lemma tens_br_tensor_right_single:
  "tens_br (tensor_right X [b]) (tensor_right X' [b'])
   = tensor_right (tens_br X X') [circ2 b b'] + tensor_right (tens_circ X' X) [br2 b b']"
proof (rule bilinear_eq_on_pure[where
      F = "\<lambda>X X'. tens_br (tensor_right X [b]) (tensor_right X' [b'])" and
      G = "\<lambda>X X'. tensor_right (tens_br X X') [circ2 b b'] + tensor_right (tens_circ X' X) [br2 b b']"])
  fix a cs a' cs'
  show "tens_br (tensor_right (pure a cs) [b]) (tensor_right (pure a' cs') [b'])
      = tensor_right (tens_br (pure a cs) (pure a' cs')) [circ2 b b']
        + tensor_right (tens_circ (pure a' cs') (pure a cs)) [br2 b b']"
    by (cases "length cs = length cs'")
       (simp_all add: tensor_right_pure tens_br_pure tens_circ_pure pure_circ_def rev_map2_rev
         pbr_length_neq)
qed (intro linear_compose_add linear_compose_lambda[OF _ linear_tensor_right]
      linear_compose_lambda[OF linear_tensor_right]
      linear_tens_br_left linear_tens_br_right linear_tens_circ_left linear_tens_circ_right)+

lemma tens_circ_tensor_right:
  assumes "length ys = length zs"
  shows "tens_circ (tensor_right X ys) (tensor_right Y zs)
       = tensor_right (tens_circ X Y) (map2 circ2 ys zs)"
proof (rule bilinear_eq_on_pure[where
      F = "\<lambda>X Y. tens_circ (tensor_right X ys) (tensor_right Y zs)" and
      G = "\<lambda>X Y. tensor_right (tens_circ X Y) (map2 circ2 ys zs)"])
  fix a cs a' cs'
  show "tens_circ (tensor_right (pure a cs) ys) (tensor_right (pure a' cs') zs)
      = tensor_right (tens_circ (pure a cs) (pure a' cs')) (map2 circ2 ys zs)"
    using assms by (simp add: tensor_right_pure tens_circ_pure pure_circ_def)
qed (intro linear_compose_lambda[OF _ linear_tensor_right]
      linear_compose_lambda[OF linear_tensor_right]
      linear_tens_circ_left linear_tens_circ_right)+

end

section \<open>Units of generalized Jordan-Lie algebras\<close>

lemma gen_JL_bilin: "gen_JL circ br e \<Longrightarrow> bilin circ \<and> bilin br"
  unfolding gen_JL_def by blast

lemma gen_JL_circ_unit: "gen_JL circ br e \<Longrightarrow> circ e a = a \<and> circ a e = a"
  unfolding gen_JL_def by blast

lemma gen_JL_br_antisym: "gen_JL circ br e \<Longrightarrow> br a b = - br b a"
  unfolding gen_JL_def by blast

text \<open>The Leibniz rule applied to e \<circ> e = e gives [a, e] = 2 [a, e].\<close>
lemma gen_JL_br_unit_right:
  assumes "gen_JL circ br e"
  shows "br a e = 0"
proof -
  have "br a (circ e e) = circ e (br a e) + circ (br a e) e"
    using assms unfolding gen_JL_def by blast
  then have "br a e = br a e + br a e" using gen_JL_circ_unit[OF assms] by simp
  then show ?thesis by simp
qed

lemma gen_JL_br_unit_left: "gen_JL circ br e \<Longrightarrow> br e a = 0"
  using gen_JL_br_antisym[of circ br e e a] gen_JL_br_unit_right[of circ br e a] by simp

locale gen_JL_pair =
  fixes circ1 br1 :: "'a::real_vector \<Rightarrow> 'a \<Rightarrow> 'a" and e1 :: 'a
    and circ2 br2 :: "'b::real_vector \<Rightarrow> 'b \<Rightarrow> 'b" and e2 :: 'b
  assumes JL1: "gen_JL circ1 br1 e1" and JL2: "gen_JL circ2 br2 e2"

sublocale gen_JL_pair \<subseteq> bilinear_ops
  using gen_JL_bilin[OF JL1] gen_JL_bilin[OF JL2] by unfold_locales auto

context gen_JL_pair
begin

lemma tens_br_pad_right:
  "tens_br (tensor_right U ys) (tensor_right V (replicate (length ys) e2))
   = tensor_right (tens_br U V) ys"
proof (induction ys rule: rev_induct)
  case Nil
  show ?case by simp
next
  case (snoc y ys)
  have "tens_br (tensor_right U (ys @ [y])) (tensor_right V (replicate (length (ys @ [y])) e2))
      = tens_br (tensor_right (tensor_right U ys) [y])
          (tensor_right (tensor_right V (replicate (length ys) e2)) [e2])"
    by (simp only: tensor_right_append length_append_singleton replicate_Suc replicate_append_same[symmetric])
  also have "\<dots> = tensor_right (tensor_right (tens_br U V) ys) [y]"
    by (simp add: tens_br_tensor_right_single snoc gen_JL_circ_unit[OF JL2]
        gen_JL_br_unit_right[OF JL2])
  finally show ?case by (simp add: tensor_right_append)
qed

lemma tens_br_pad_left:
  "tens_br (tensor_right V (replicate (length ys) e2)) (tensor_right U ys)
   = tensor_right (tens_br V U) ys"
proof (induction ys rule: rev_induct)
  case Nil
  show ?case by simp
next
  case (snoc y ys)
  have "tens_br (tensor_right V (replicate (length (ys @ [y])) e2)) (tensor_right U (ys @ [y]))
      = tens_br (tensor_right (tensor_right V (replicate (length ys) e2)) [e2])
          (tensor_right (tensor_right U ys) [y])"
    by (simp only: tensor_right_append length_append_singleton replicate_Suc replicate_append_same[symmetric])
  also have "\<dots> = tensor_right (tensor_right (tens_br V U) ys) [y]"
    by (simp add: tens_br_tensor_right_single snoc gen_JL_circ_unit[OF JL2]
        gen_JL_br_unit_left[OF JL2])
  finally show ?case by (simp add: tensor_right_append)
qed

lemma tens_br_phi_id_pad_right:
  assumes F: "linear F" and Y: "\<And>x. tens_br (F x) Y = 0" and T: "T \<in> tgrade k"
  shows "tens_br (phi_id F T) (tensor_right Y (replicate k e2)) = 0"
proof (rule linear_tgrade_eq_0[OF T])
  show "linear (\<lambda>T. tens_br (phi_id F T) (tensor_right Y (replicate k e2)))"
    by (rule linear_compose_lambda[OF linear_phi_id[OF F] linear_tens_br_left])
  fix x and ys :: "'b list"
  assume "length ys = k"
  then show "tens_br (phi_id F (pure x ys)) (tensor_right Y (replicate k e2)) = 0"
    using tens_br_pad_right[of "F x" ys Y] by (simp add: phi_id_pure[OF F] Y)
qed

lemma tens_br_phi_id_pad_left:
  assumes F: "linear F" and Y: "\<And>x. tens_br Y (F x) = 0" and T: "T \<in> tgrade k"
  shows "tens_br (tensor_right Y (replicate k e2)) (phi_id F T) = 0"
proof (rule linear_tgrade_eq_0[OF T])
  show "linear (\<lambda>T. tens_br (tensor_right Y (replicate k e2)) (phi_id F T))"
    by (rule linear_compose_lambda[OF linear_phi_id[OF F] linear_tens_br_right])
  fix x and ys :: "'b list"
  assume "length ys = k"
  then show "tens_br (tensor_right Y (replicate k e2)) (phi_id F (pure x ys)) = 0"
    using tens_br_pad_left[of Y ys "F x"] by (simp add: phi_id_pure[OF F] Y)
qed

end

section \<open>Iterated coproducts of a bracket homomorphism\<close>

lemma Cas_eq_pad:
  assumes "i \<le> j" "j \<le> N"
  shows "Cas \<phi> e2 C N i
       = tensor_right (tensor_right (phi_sup \<phi> i C) (replicate (j - i) e2)) (replicate (N - j) e2)"
proof -
  have "N - i = (j - i) + (N - j)" using assms by simp
  then show ?thesis by (simp add: Cas_def tensor_right_append replicate_add)
qed

locale JL_hom = gen_JL_pair +
  fixes \<phi> :: "'a \<Rightarrow> ('a,'b) tensor"
  assumes linear_phi: "linear \<phi>" and phi_in_tgrade: "\<And>a. \<phi> a \<in> tgrade 1"
    and phi_br: "\<And>a b. tbr circ1 br1 circ2 br2 (\<phi> a) (\<phi> b) = \<phi> (br1 a b)"
    and phi_circ: "\<And>a b. \<phi> (circ1 a b) = tcirc circ1 circ2 (\<phi> a) (\<phi> b)"
begin

lemma tens_br_tensor_right_phi:
  "length bs = length bs' \<Longrightarrow>
   tens_br (tensor_right (\<phi> a) bs) (tensor_right (\<phi> a') bs') = phi_id \<phi> (pbr a (rev bs) a' (rev bs'))"
proof (induction bs arbitrary: bs' rule: rev_induct)
  case Nil
  then show ?case by (simp add: phi_id_pure[OF linear_phi] phi_br)
next
  case (snoc b cs)
  then obtain cs' b' where bs': "bs' = cs' @ [b']" and len: "length cs' = length cs"
    by (cases bs' rule: rev_cases) auto
  have "tens_br (tensor_right (\<phi> a) (cs @ [b])) (tensor_right (\<phi> a') bs')
      = tens_br (tensor_right (tensor_right (\<phi> a) cs) [b]) (tensor_right (tensor_right (\<phi> a') cs') [b'])"
    by (simp add: bs' tensor_right_append)
  also have "\<dots> = tensor_right (phi_id \<phi> (pbr a (rev cs) a' (rev cs'))) [circ2 b b']
      + tensor_right (tensor_right (\<phi> (circ1 a' a)) (map2 circ2 cs' cs)) [br2 b b']"
    using snoc.IH len by (simp add: tens_br_tensor_right_single tens_circ_tensor_right phi_circ)
  also have "\<dots> = phi_id \<phi> (pbr a (rev (cs @ [b])) a' (rev bs'))"
    using len by (simp add: bs' linear_add[OF linear_phi_id[OF linear_phi]]
        phi_id_tensor_right[OF linear_phi] phi_id_pure[OF linear_phi] rev_map2_rev
        tensor_right_append)
  finally show ?case .
qed

lemma tens_br_phi_id: "tens_br (phi_id \<phi> S) (phi_id \<phi> T) = phi_id \<phi> (tens_br S T)"
proof (rule bilinear_eq_on_pure[where F = "\<lambda>S T. tens_br (phi_id \<phi> S) (phi_id \<phi> T)"
      and G = "\<lambda>S T. phi_id \<phi> (tens_br S T)"])
  fix a bs a' bs'
  show "tens_br (phi_id \<phi> (pure a bs)) (phi_id \<phi> (pure a' bs'))
      = phi_id \<phi> (tens_br (pure a bs) (pure a' bs'))"
  proof (cases "length bs = length bs'")
    case True
    then show ?thesis
      by (simp add: phi_id_pure[OF linear_phi] tens_br_pure tens_br_tensor_right_phi)
  next
    case False
    have "tensor_right (\<phi> a) bs \<in> tgrade (1 + length bs)"
      and "tensor_right (\<phi> a') bs' \<in> tgrade (1 + length bs')"
      by (rule tensor_right_in_tgrade[OF phi_in_tgrade])+
    then show ?thesis
      using False tens_br_tgrade_neq
      by (simp add: phi_id_pure[OF linear_phi] tens_br_pure pbr_length_neq
          linear_0[OF linear_phi_id[OF linear_phi]])
  qed
qed (intro linear_compose_lambda[OF linear_phi_id[OF linear_phi]]
      linear_compose_lambda[OF _ linear_phi_id[OF linear_phi]]
      linear_tens_br_left linear_tens_br_right)+
(* Assume $q\ge n$ (so $\psi^-:M_{q,n}\to\mathrm{Sym}^n$ is surjective), and let $y$, $x$, $x'$, $Y$, $Z$, $Z_y$, $Z_{x'}$, $S_y$ be as in the context. Then: (i) $Y$ is a single $K_x\times K'_{\mathbb C}$-orbit, generated by $y$; hence $Y\cong(K_x\times K'_{\mathbb C})/S_y$. (ii) There is a group homomorphism $\beta:K_x\to K'_{x'}$ such that $S_y=\{(k,\beta(k)):k\in K_x\}$. (iii) There is a bijection $T:Z_y\to Z_{x'}$ commuting with the action of $K^t_{\mathbb C}=\mathrm O(t,\mathbb C)$ and satisfying $T((k,\beta(k))\cdot z)=\beta(k)\cdot T(z)$ for all $z\in Z_y$ and $k\in K_x$.
   Context: Let $p,q,t,n$ satisfy $p+q+t$ even, $\min(p,q+t)\ge2n$, $\max(p,q+t)>2n$. $K_{\mathbb C}=\mathrm O(p,\mathbb C)\times\mathrm O(q,\mathbb C)$, $K^t_{\mathbb C}=\mathrm O(t,\mathbb C)$, $K'_{\mathbb C}=\mathrm{GL}(n,\mathbb C)$. $W_H=M_{p,n}\oplus M_{q,n}\oplus M_{t,n}\ni(w^+;w_1,w_2)$, $W=M_{p,n}\oplus M_{q,n}$, ${\rm pr}(w^+;w_1,w_2)=(w^+;w_1)$. Actions: $(o_p,o_q,o_t,g)\cdot(w^+;w_1,w_2)=(o_pw^+g^{-1};o_qw_1g^T,o_tw_2g^T)$. Maps: $\phi(w^+;w_1)=w^+w_1^T\in M_{p,q}$, $\psi^+(w^+)=(w^+)^Tw^+$, $\psi^-(w_1)=w_1^Tw_1$, $\psi_2(w_2)=w_2^Tw_2$. $K_{\mathbb C}$ acts on $M_{p,q}$ by $(o_p,o_q)\cdot m=o_pmo_q^T$ and $K'_{\mathbb C}$ on $\mathrm{Sym}^n$ by $g\cdot s=gsg^T$. Null cone $\overline{\mathcal N}=\{\psi^+(w^+)=0,\ \psi^-(w_1)+\psi_2(w_2)=0\}$. For $m\ge 2n$ let $E_{m,n}$ be the $m\times n$ matrix with block rows $I_n$, $0_{(m-2n)\times n}$, $iI_n$. Put $z_0=(E_{p,n};E_{q+t,n})\in\overline{\mathcal N}$ (with $E_{q+t,n}$ split into its first $q$ and last $t$ rows), $y=(y^+;y^-)={\rm pr}(z_0)$, $x=\phi(y)$, $x'=-\psi^-(y^-)$. $K_x$, $K'_{x'}$ are the stabilizers of $x$ in $K_{\mathbb C}$ and of $x'$ in $K'_{\mathbb C}$; $S_y$ is the stabilizer of $y$ in $K_{\mathbb C}\times K'_{\mathbb C}$. $Y=\phi^{-1}(x)\cap{\rm pr}(\overline{\mathcal N})$, $Z=\{z\in\overline{\mathcal N}:\phi({\rm pr}(z))=x\}$, $Z_y=\{z\in Z:{\rm pr}(z)=y\}$, $Z_{x'}=\psi_2^{-1}(x')\subseteq M_{t,n}$. *)

theory Defs
  imports Complex_Main "Jordan_Normal_Form.Matrix"
begin

text \<open>Complex matrices are represented by the Jordan_Normal_Form type complex mat;
  M_{a,b} is carrier_mat a b.\<close>

type_synonym cmat = "complex mat"

definition orth_grp :: "nat \<Rightarrow> cmat set" where
  "orth_grp m = {u \<in> carrier_mat m m. transpose_mat u * u = 1\<^sub>m m}"

definition gl_grp :: "nat \<Rightarrow> cmat set" where
  "gl_grp n = {g \<in> carrier_mat n n. invertible_mat g}"

definition minv :: "cmat \<Rightarrow> cmat" where
  "minv g = (SOME h. h \<in> carrier_mat (dim_row g) (dim_row g) \<and>
                     g * h = 1\<^sub>m (dim_row g) \<and> h * g = 1\<^sub>m (dim_row g))"

text \<open>The matrix E_{m,n}: block rows I_n, 0_{(m-2n) x n}, i I_n.\<close>
definition E_mat :: "nat \<Rightarrow> nat \<Rightarrow> cmat" where
  "E_mat m n = mat m n (\<lambda>(i,j).
      if i < n then (if i = j then 1 else 0)
      else if m - n \<le> i then (if i - (m - n) = j then \<i> else 0)
      else 0)"

definition top_rows :: "nat \<Rightarrow> cmat \<Rightarrow> cmat" where
  "top_rows k A = mat k (dim_col A) (\<lambda>(i,j). A $$ (i,j))"

definition bot_rows :: "nat \<Rightarrow> cmat \<Rightarrow> cmat" where
  "bot_rows k A = mat k (dim_col A) (\<lambda>(i,j). A $$ (dim_row A - k + i, j))"

definition W_sp :: "nat \<Rightarrow> nat \<Rightarrow> nat \<Rightarrow> (cmat \<times> cmat) set" where
  "W_sp p q n = carrier_mat p n \<times> carrier_mat q n"

definition WH_sp :: "nat \<Rightarrow> nat \<Rightarrow> nat \<Rightarrow> nat \<Rightarrow> (cmat \<times> cmat \<times> cmat) set" where
  "WH_sp p q t n = carrier_mat p n \<times> carrier_mat q n \<times> carrier_mat t n"

definition pr :: "cmat \<times> cmat \<times> cmat \<Rightarrow> cmat \<times> cmat" where
  "pr z = (case z of (wp, w1, w2) \<Rightarrow> (wp, w1))"

definition phi :: "cmat \<times> cmat \<Rightarrow> cmat" where
  "phi w = (case w of (wp, w1) \<Rightarrow> wp * transpose_mat w1)"

definition psi :: "cmat \<Rightarrow> cmat" where
  "psi w = transpose_mat w * w"

text \<open>Groups K_C = O(p) x O(q), K^t_C = O(t), K'_C = GL(n).\<close>
definition K_grp :: "nat \<Rightarrow> nat \<Rightarrow> (cmat \<times> cmat) set" where
  "K_grp p q = orth_grp p \<times> orth_grp q"

definition act_W :: "(cmat \<times> cmat) \<times> cmat \<Rightarrow> cmat \<times> cmat \<Rightarrow> cmat \<times> cmat" where
  "act_W kg w = (case kg of ((op, oq), g) \<Rightarrow> case w of (wp, w1) \<Rightarrow>
      (op * wp * minv g, oq * w1 * transpose_mat g))"

definition act_WH :: "cmat \<times> cmat \<times> cmat \<times> cmat \<Rightarrow> cmat \<times> cmat \<times> cmat \<Rightarrow> cmat \<times> cmat \<times> cmat" where
  "act_WH a z = (case a of (op, oq, ot, g) \<Rightarrow> case z of (wp, w1, w2) \<Rightarrow>
      (op * wp * minv g, oq * w1 * transpose_mat g, ot * w2 * transpose_mat g))"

## [Exercise]
From the records above, quote only the lines running from the line with "linear_tens_br_left linear_tens_br_right linear_tens_circ_left" to the line with "a' cs')) (map2", both lines included.

## [Exercise answer]
      linear_tens_br_left linear_tens_br_right linear_tens_circ_left linear_tens_circ_right)+

lemma tens_circ_tensor_right:
  assumes "length ys = length zs"
  shows "tens_circ (tensor_right X ys) (tensor_right Y zs)
       = tensor_right (tens_circ X Y) (map2 circ2 ys zs)"
proof (rule bilinear_eq_on_pure[where
      F = "\<lambda>X Y. tens_circ (tensor_right X ys) (tensor_right Y zs)" and
      G = "\<lambda>X Y. tensor_right (tens_circ X Y) (map2 circ2 ys zs)"])
  fix a cs a' cs'
  show "tens_circ (tensor_right (pure a cs) ys) (tensor_right (pure a' cs') zs)
      = tensor_right (tens_circ (pure a cs) (pure a' cs')) (map2 circ2 ys zs)"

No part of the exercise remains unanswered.